Posté le 6 mai, 2014
Journaliste, puis psychologue clinicienne, la jeune doctorante a obtenu une
allocation doctorale du DIM Gestes en 2013, pour un projet sur le plaisir et la
souffrance dans le travail des comédiens. Sa thèse est dirigée par Christophe
Dejours.
Marie Potiron, est une des lauréates 2013 du DIM Gestes.
C’est après avoir été journaliste, puis psychologue clinicienne,
que Marie Potiron, aujourd’hui âgée de 39 ans, s’est tournée vers la
recherche en psychodynamique du travail. Après des études de
Lettres, sa première passion, la jeune femme est devenue journaliste
à la Voix du Nord, avant d’exercer comme indépendante. C’est à 28
ans qu’elle choisit de se reconvertir, et de reprendre des études en
psychologie clinique à l’Université Paris-Diderot.
Sa première « rencontre » avec les écrits de Christophe Dejours date
de cette époque. « J’avais d’abord lu ses travaux sur la
psychosomatique, le corps, dans le cadre de mon mémoire de
Master 1 autour de l’identité sexuée, se souvient-elle aujourd’hui. Il
portait sur le personnage de Claude, dans la série de romans pour
enfants « Le Club des Cinq », qui refuse d’être une fille.
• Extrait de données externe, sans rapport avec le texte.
lemma connected_graph_Ae_flat:
  assumes G: "presenting E ind A r e Ed" and Z: "flat E ind Z"
  shows "connected_graph (Ae A r e Z) (induced Ed (Ae A r e Z))"
  unfolding connected_graph_def
proof (intro ballI)
  fix u v
  assume u: "u \<in> Ae A r e Z" and v: "v \<in> Ae A r e Z"
  let ?R = "{(x, y). {x, y} \<in> induced Ed (Ae A r e Z)}"
  show "(u, v) \<in> ?R\<^sup>*"
  proof (cases "u = v")
    case False
    let ?U = "Ae A r e (cl E ind (A u \<union> A v))"
    have ZE: "Z \<subseteq> E"
      using Z unfolding flat_def by blast
    have uv: "A u \<union> A v \<subseteq> Z"
      using u v unfolding Ae_iff by blast
    have "u \<in> Ae A r e E" "v \<in> Ae A r e E"
      using u v Ae_mono[OF ZE] by blast+
    then have "connected_graph ?U (induced Ed ?U)"
      using G False unfolding presenting_def Let_def by blast
    moreover have "A u \<union> A v \<subseteq> cl E ind (A u \<union> A v)"
      using uv ZE by (intro subset_cl) blast
    then have "u \<in> ?U" "v \<in> ?U"
      using u v unfolding Ae_iff by auto
    ultimately have "(u, v) \<in> {(x, y). {x, y} \<in> induced Ed ?U}\<^sup>*"
      unfolding connected_graph_def by blast
    moreover have "?U \<subseteq> Ae A r e Z"
      using cl_subset_flat[OF uv(1) Z] unfolding Ae_def Aset_def by blast
    then have "{(x, y). {x, y} \<in> induced Ed ?U} \<subseteq> ?R"
      unfolding induced_def by blast
    ultimately show ?thesis
      using rtrancl_mono by blast
  qed simp
qed

lemma card_edges_presenting_tree:
  assumes G: "presenting E ind A r e Ed" and Z: "flat E ind Z" and "Ae A r e Z \<noteq> {}"
    and forest: "acyclic_graph (induced Ed (Ae A r e Z))"
  shows "Suc (card (induced Ed (Ae A r e Z))) = card (Ae A r e Z)"
proof (rule card_edges_tree[OF finite_Ae \<open>Ae A r e Z \<noteq> {}\<close> _ forest])
  show "simple_graph_on (Ae A r e Z) (induced Ed (Ae A r e Z))"
    using G simple_graph_on_induced unfolding presenting_def by blast
  show "connected_graph (Ae A r e Z) (induced Ed (Ae A r e Z))"
    by (rule connected_graph_Ae_flat[OF G Z])
qed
Ma directrice de mémoire de l’époque s’intéressait beaucoup à la
littérature enfantine… » Et de fil en aiguille, elle finit par prendre
connaissance des écrits du psychanalyste sur le travail. « Ce domaine me semblait curieux. C’est à ce
moment-là que je me suis intéressée aux « Enjeux psychiques du travail », pour reprendre le titre d’un
ouvrage de Pascale Molinier. »
Elle ne reviendra spécifiquement dessus que quelques années plus
tard, après avoir obtenu son diplôme de psychologue à 32 ans, et
exercé autant en consultation que dans le cadre de dispositifs d’aide,
tels que le Fil Santé Jeunes ou Jeunes violence écoute « où nous
recevions d’ailleurs beaucoup d’appels en rapport avec le travail ».
Cette expérience dure cinq ans. Pendant ce laps de temps, elle
complète sa formation par un autre Master, de recherche cette foisci, en psychodynamique du travail, et sous la direction de Christophe
Dejours.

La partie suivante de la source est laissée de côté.